The FlexBOSS21, which has very similar design to the 18Kpv, claims PV to battery at 94.5%. That's a reasonable number and I suspect the 18Kpv is operating around that figure.
All they have to do is type the number 99.9 in the datasheet. See how easy it is to claim something?
Sounds like your "bus 1" is the MPPT output rail and AC inverter input rail. What does it read when there is no PV input and you are using battery to generate AC? I'd expect it to be around 360 volts.
Mike C.
wpns
Solar Joules are catch and release
jorby
Solar Addict
Yup! Same here.
The 250ah were available up until this past oct…
99.9% might be accurate when the PV voltage is the same as the high voltage bus. The 94.5% figure includes the high voltage DC to battery voltage DC conversion.
jorby
Solar Addict
I have been monitoring the 18kpv bus voltages more closely and see that the 400v has gone up as high as 470v when the batteries are full and the mppt allows the pv voltage to rise. So it works like stated below:
I am guessing your string voltage is about the same as mine from the red line on the graph.
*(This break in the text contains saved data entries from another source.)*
text \<open>If the differences F i (S t u0) - F i (S t v0) tend to zero but
  norm (S t u0 - S t v0) does not, pick times t n \<rightarrow> \<infinity> at which it stays \<ge> \<epsilon>. Compactness
  of the attractor and a diagonal argument over the backward times t n - k give a subsequence
  along which S (t n + s) u0 and S (t n + s) v0 converge for every real s; continuity of each
  S \<tau> makes the limits complete trajectories U, V in the attractor. Continuity of the F i gives
  F i \<circ> U = F i \<circ> V, hence U = V by separation, contradicting norm (U 0 - V 0) \<ge> \<epsilon>.\<close>

lemma semigroup_apply_add:
  assumes "is_semigroup S" "t \<ge> 0" "l \<ge> 0"
  shows "S (t + l) x = S t (S l x)"
  using assms unfolding is_semigroup_def by auto

lemma continuous_into_Cloc_isCont:
  assumes "continuous_into_Cloc S" "t \<ge> 0"
  shows "isCont (S t) x"
  unfolding continuous_at_eps_delta
proof (intro allI impI)
  fix e :: real assume "e > 0"
  then obtain d where "d > 0" "\<forall>y. dist y x < d \<longrightarrow> (\<forall>s\<in>{0..t}. dist (S s y) (S s x) < e)"
    using assms(1) unfolding continuous_into_Cloc_def by blast
  then show "\<exists>d>0. \<forall>y. dist y x < d \<longrightarrow> dist (S t y) (S t x) < e"
    using assms(2) by auto
qed

lemma global_attractor_invariant:
  assumes "global_attractor S A" "x \<in> A" "t \<ge> 0"
  shows "S t x \<in> A"
  using assms unfolding global_attractor_def by blast

lemma global_attractor_eventually_near:
  assumes "global_attractor S A" "e > 0"
  shows "eventually (\<lambda>t. \<exists>a\<in>A. dist (S t x) a < e) at_top"
proof -
  let ?U = "\<Union>a\<in>A. ball a e"
  have "open ?U" "A \<subseteq> ?U" "bounded {x}"
    using assms(2) by auto
  then obtain T where "\<forall>t\<ge>T. S t ` {x} \<subseteq> ?U"
    using assms(1) unfolding global_attractor_def by metis
  then show ?thesis
    unfolding eventually_at_top_linorder by (auto simp: dist_commute)
qed

lemma compact_approached_seq_convergent_subseq:
  fixes x :: "nat \<Rightarrow> 'a::metric_space"
  assumes "compact A"
    and near: "\<And>e. e > 0 \<Longrightarrow> eventually (\<lambda>n. \<exists>a\<in>A. dist (x n) a < e) sequentially"
  shows "\<exists>r l. strict_mono r \<and> l \<in> A \<and> (x \<circ> r) \<longlonglongrightarrow> l"
proof -
  have "A \<noteq> {}"
    using eventually_happens[OF near[of 1]] by auto
  then have "\<exists>a\<in>A. \<forall>b\<in>A. dist (x n) a \<le> dist (x n) b" for n
    by (rule continuous_attains_inf[OF \<open>compact A\<close>]) (intro continuous_intros)
  then obtain a where a: "\<And>n. a n \<in> A" "\<And>n b. b \<in> A \<Longrightarrow> dist (x n) (a n) \<le> dist (x n) b"
    by metis
  have nearest: "(\<lambda>n. dist (x n) (a n)) \<longlonglongrightarrow> 0"
  proof (rule tendstoI)
    fix e :: real assume "e > 0"
    show "eventually (\<lambda>n. dist (dist (x n) (a n)) 0 < e) sequentially"
      using near[OF \<open>e > 0\<close>] by eventually_elim (simp, meson a(2) le_less_trans)
  qed
  obtain r l where "l \<in> A" "strict_mono r" "(a \<circ> r) \<longlonglongrightarrow> l"
    using \<open>compact A\<close> a(1) unfolding compact_eq_seq_compact_metric seq_compact_def by metis
  moreover have "(x \<circ> r) \<longlonglongrightarrow> l"
  proof (rule tendsto_dist_iff[THEN iffD2], rule tendsto_sandwich[OF _ _ tendsto_const])
    show "eventually (\<lambda>n. 0 \<le> dist ((x \<circ> r) n) l) sequentially"
      by simp
    show "eventually (\<lambda>n. dist ((x \<circ> r) n) l \<le> dist (x (r n)) (a (r n)) + dist (a (r n)) l) sequentially"
      by (simp add: dist_triangle)
    show "(\<lambda>n. dist (x (r n)) (a (r n)) + dist (a (r n)) l) \<longlonglongrightarrow> 0"
      using tendsto_add[OF LIMSEQ_subseq_LIMSEQ[OF nearest \<open>strict_mono r\<close>]
          tendsto_dist_iff[THEN iffD1, OF \<open>(a \<circ> r) \<longlonglongrightarrow> l\<close>]]
      by (simp add: o_def)
  qed
  ultimately show ?thesis by blast
qed

lemma global_attractor_convergent_subseq:
  assumes "global_attractor S A" "filterlim t at_top sequentially"
  shows "\<exists>r l. strict_mono r \<and> l \<in> A \<and> (\<lambda>n. S (t (r n)) x) \<longlonglongrightarrow> l"
proof -
  have "compact A" using assms(1) unfolding global_attractor_def by blast
  then show ?thesis
    using compact_approached_seq_convergent_subseq[of A "\<lambda>n. S (t n) x"]
      filterlim_iff[THEN iffD1, OF assms(2), rule_format,
        OF global_attractor_eventually_near[OF assms(1)]]
    by (simp add: o_def)
qed

lemma filterlim_subseq_add_at_top:
  fixes t :: "nat \<Rightarrow> real"
  assumes "filterlim t at_top sequentially" "strict_mono r"
  shows "filterlim (\<lambda>n. t (r n) + c) at_top sequentially"
  using filterlim_tendsto_add_at_top[OF tendsto_const
      filterlim_compose[OF assms(1) filterlim_subseq[OF assms(2)]]]
  by (simp add: add.commute)

lemma global_attractor_diagonal_subseq:
  fixes t :: "nat \<Rightarrow> real"
  assumes "global_attractor S A" "filterlim t at_top sequentially"
  shows "\<exists>d a. strict_mono d \<and> (\<forall>k. a k \<in> A \<and> (\<lambda>n. S (t (d n) - real k) x) \<longlonglongrightarrow> a k)"
proof -
  define P where "P k r \<longleftrightarrow> (\<exists>a\<in>A. (\<lambda>n. S (t (r n) - real k) x) \<longlonglongrightarrow> a)" for k r
  interpret subseqs P
  proof
    fix k and s :: "nat \<Rightarrow> nat" assume "strict_mono s"
    then obtain r a where "strict_mono r" "a \<in> A" "(\<lambda>n. S (t (s (r n)) + - real k) x) \<longlonglongrightarrow> a"
      using global_attractor_convergent_subseq[OF assms(1)
          filterlim_subseq_add_at_top[OF assms(2)]] by blast
    then show "\<exists>r. strict_mono r \<and> P k (s \<circ> r)"
      unfolding P_def by auto
  qed
  have "P k diagseq" for k
  proof -
    have "P k (diagseq \<circ> (+) (Suc k))"
      by (rule diagseq_holds) (auto simp: P_def o_def intro: LIMSEQ_subseq_LIMSEQ[unfolded o_def])
    then obtain a where "a \<in> A" "(\<lambda>n. S (t (diagseq (n + Suc k)) - real k) x) \<longlonglongrightarrow> a"
      unfolding P_def by (auto simp: o_def add.commute)
    then show ?thesis
      using LIMSEQ_offset[of "\<lambda>n. S (t (diagseq n) - real k) x" "Suc k"] unfolding P_def by auto
  qed
  then have "\<forall>k. \<exists>a. a \<in> A \<and> (\<lambda>n. S (t (diagseq n) - real k) x) \<longlonglongrightarrow> a"
    unfolding P_def by blast
  then obtain a where "\<forall>k. a k \<in> A \<and> (\<lambda>n. S (t (diagseq n) - real k) x) \<longlonglongrightarrow> a k"
    by (rule choice[THEN exE])
  with subseq_diagseq show ?thesis
    by blast
qed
My 5 strings to this inverter are all the same at 12 in series and two of the mppt have 2 parallel strings each. They run 400v to 410v at MPP and 470 OCV. While 11 series would initially seem to be "more optimum" as it is closer to the 360v level, I notice that the 400v buss is at 400v all night long when no charging is taking place, and the buss goes up to 425 while pv charging at maximum power.. The only time it is much higher is when lower charge power is being transferred by the mppt because the batteries are full and efficiency is not very important anymore. I don't think I would benefit from rewiring them to a lower voltage. I think if the input was 360v, it would be boosted to 400 or 425 anyhow.
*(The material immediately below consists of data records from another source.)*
(* Let $A \in \mathbb{R}^{m \times r}$, $b \in \mathbb{R}^m$, $P = \{ x \in \mathbb{R}^r \mid Ax \ge b\}$, let $x \in P$, and let $O \subset \mathbb{R}^r$ be a closed orthant with $x \in O$. Then $x$ is convex-conformally non-decomposable in $P$ if and only if $x$ is a vertex of $P \cap O$.
   Context: For $x \in \mathbb{R}^n$, $\operatorname{sign}(x) \in \{-,0,+\}^n$ is obtained by applying the sign function componentwise; the relations $0<-$, $0<+$ induce a componentwise partial order on $\{-,0,+\}^n$. For $X \in \{-,0,+\}^r$, the corresponding closed orthant is $O = \{ x \in \mathbb{R}^r \mid \operatorname{sign}(x) \le X\}$. A vector $x \in P$ is convex-conformally non-decomposable in $P$ if for all $x^1,x^2 \in P$ with $\operatorname{sign}(x^1),\operatorname{sign}(x^2) \le \operatorname{sign}(x)$ and all $0<\lambda<1$, $x = \lambda x^1 + (1-\lambda)x^2$ implies $x^1 = x^2$. For a polyhedron $Q$, $x \in Q$ is a vertex if for all $x^1, x^2 \in Q$ and $0<\lambda<1$, $x = \lambda x^1 + (1-\lambda) x^2$ implies $x^1 = x^2$. *)

theory Defs
  imports "HOL-Analysis.Analysis"
begin

datatype sign = Neg | Zero | Pos

definition sign_of :: "real \<Rightarrow> sign" where
  "sign_of a = (if a < 0 then Neg else if a = 0 then Zero else Pos)"

definition sign_le :: "sign \<Rightarrow> sign \<Rightarrow> bool" where
  "sign_le s t \<longleftrightarrow> s = Zero \<or> s = t"

definition sign_vec_le :: "real^'r \<Rightarrow> ('r \<Rightarrow> sign) \<Rightarrow> bool" where
  "sign_vec_le y X \<longleftrightarrow> (\<forall>i. sign_le (sign_of (y $ i)) (X i))"

definition sign_vec :: "real^'r \<Rightarrow> ('r \<Rightarrow> sign)" where
  "sign_vec x = (\<lambda>i. sign_of (x $ i))"

definition orthant :: "('r \<Rightarrow> sign) \<Rightarrow> (real^'r) set" where
  "orthant X = {y. sign_vec_le y X}"

definition polyhedron :: "real^'r^'m \<Rightarrow> real^'m \<Rightarrow> (real^'r) set" where
  "polyhedron A b = {x. \<forall>i. (A *v x) $ i \<ge> b $ i}"

definition cc_nondecomposable :: "(real^'r) set \<Rightarrow> real^'r \<Rightarrow> bool" where
  "cc_nondecomposable P x \<longleftrightarrow> x \<in> P \<and>
     (\<forall>x1\<in>P. \<forall>x2\<in>P. \<forall>t::real.
        sign_vec_le x1 (sign_vec x) \<and> sign_vec_le x2 (sign_vec x) \<and> 0 < t \<and> t < 1 \<and>
        x = t *\<^sub>R x1 + (1 - t) *\<^sub>R x2 \<longrightarrow> x1 = x2)"

definition is_vertex :: "(real^'r) set \<Rightarrow> real^'r \<Rightarrow> bool" where
  "is_vertex Q x \<longleftrightarrow> x \<in> Q \<and>
     (\<forall>x1\<in>Q. \<forall>x2\<in>Q. \<forall>t::real. 0 < t \<and> t < 1 \<and>
        x = t *\<^sub>R x1 + (1 - t) *\<^sub>R x2 \<longrightarrow> x1 = x2)"

end

theory Submission
  imports Defs
begin

text \<open>Inside a closed orthant, two points whose open segment contains x have their
  sign vectors bounded by that of x; conversely everything sign-bounded by a point
  of the orthant lies in the orthant. Hence the decompositions of x that
  convex-conformal non-decomposability forbids are exactly the decompositions
  within P \<inter> O that being a vertex forbids.\<close>

lemma sign_le_trans: "sign_le a b \<Longrightarrow> sign_le b c \<Longrightarrow> sign_le a c"
  by (auto simp: sign_le_def)

lemma sign_le_sign_of_convex_combination:
  fixes c d t :: real
  assumes "sign_le (sign_of c) s" "sign_le (sign_of d) s" "0 < t" "t < 1"
  shows "sign_le (sign_of c) (sign_of (t * c + (1 - t) * d))"
proof -
  have "t * c > 0" if "c > 0" using that assms by simp
  moreover have "t * c < 0" if "c < 0" using that assms by (simp add: mult_pos_neg)
  moreover have "(1 - t) * d \<ge> 0" if "d \<ge> 0" using that assms by simp
  moreover have "(1 - t) * d \<le> 0" if "d \<le> 0" using that assms by (simp add: mult_nonneg_nonpos)
  ultimately show ?thesis
    using assms(1,2) by (cases s) (auto simp: sign_le_def sign_of_def split: if_splits)
qed

lemma orthant_sign_vec_le:
  assumes "sign_vec_le y (sign_vec x)" "x \<in> orthant X"
  shows "y \<in> orthant X"
  using assms sign_le_trans unfolding orthant_def sign_vec_le_def sign_vec_def by blast

lemma sign_vec_le_convex_combination:
  assumes "x1 \<in> orthant X" "x2 \<in> orthant X" "0 < t" "t < 1"
  shows "sign_vec_le x1 (sign_vec (t *\<^sub>R x1 + (1 - t) *\<^sub>R x2))"
  using assms sign_le_sign_of_convex_combination[of "x1 $ i" "X i" "x2 $ i" t for i]
  by (simp add: orthant_def sign_vec_le_def sign_vec_def)

lemma cc_nondecomposable_iff_vertex_inter_orthant:
  assumes "x \<in> orthant X"
  shows "cc_nondecomposable P x \<longleftrightarrow> is_vertex (P \<inter> orthant X) x"
proof
  assume cc: "cc_nondecomposable P x"
  show "is_vertex (P \<inter> orthant X) x"
    unfolding is_vertex_def
  proof (intro conjI ballI allI impI)
    show "x \<in> P \<inter> orthant X" using cc assms by (simp add: cc_nondecomposable_def)
  next
    fix x1 x2 t
    assume x1: "x1 \<in> P \<inter> orthant X" and x2: "x2 \<in> P \<inter> orthant X"
      and seg: "0 < t \<and> t < 1 \<and> x = t *\<^sub>R x1 + (1 - t) *\<^sub>R x2"
    have "sign_vec_le x1 (sign_vec x)"
      using seg x1 x2 sign_vec_le_convex_combination[of x1 X x2 t] by auto
    moreover have "sign_vec_le x2 (sign_vec x)"
      using seg x1 x2 sign_vec_le_convex_combination[of x2 X x1 "1 - t"]
      by (auto simp: add.commute)
    ultimately show "x1 = x2" using cc x1 x2 seg by (auto simp: cc_nondecomposable_def)
  qed
next
  assume v: "is_vertex (P \<inter> orthant X) x"
  show "cc_nondecomposable P x"
    unfolding cc_nondecomposable_def
  proof (intro conjI ballI allI impI)
    show "x \<in> P" using v by (simp add: is_vertex_def)
  next
    fix x1 x2 t
    assume "x1 \<in> P" "x2 \<in> P"
      and seg: "sign_vec_le x1 (sign_vec x) \<and> sign_vec_le x2 (sign_vec x) \<and> 0 < t \<and> t < 1 \<and>
        x = t *\<^sub>R x1 + (1 - t) *\<^sub>R x2"
    moreover have "x1 \<in> orthant X" "x2 \<in> orthant X"
      using seg assms orthant_sign_vec_le by blast+
    ultimately show "x1 = x2" using v by (auto simp: is_vertex_def)
  qed
qed

theorem proposition6:
  fixes A :: "real^'r^'m" and b :: "real^'m" and x :: "real^'r" and X :: "'r \<Rightarrow> sign"
  assumes "x \<in> polyhedron A b"
    and "x \<in> orthant X"
  shows "cc_nondecomposable (polyhedron A b) x \<longleftrightarrow>
         is_vertex (polyhedron A b \<inter> orthant X) x"
  using assms(2) by (rule cc_nondecomposable_iff_vertex_inter_orthant)

end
I am guessing your string voltage is about the same as mine from the red line on the graph.
wpns
Solar Joules are catch and release
String voltages:
and bus voltages for the last 4 days:
Looks like when any string exceeds 400V it bumps the bus voltage up, but I do have '300v' strings, can't tell without turning off the '500v' strings if they would bump the bus, but I tend to doubt it.
jorby
Solar Addict
I think you are correct. That would go along with the idea that the mppt will boost to 400v but just let it go through if above 400v. I also have 3 generic 6.2kw hf AIO inverters that I bought just for the 450v mppt charge functions. I took one apart and traced everything out, all the way to the battery input. The first active component after the input current sensor is the inductor in the classic boost converter. If the voltage is high enough, the mosfet switches do not operate and the voltage goes right on through the diode to the buss. The mppt function is implemented downstream by loading the bus with inverter output and/or battery charging via the 48v transformer based bi-directional inverter stage. Hard to believe that they were only $300 each. (220v only version)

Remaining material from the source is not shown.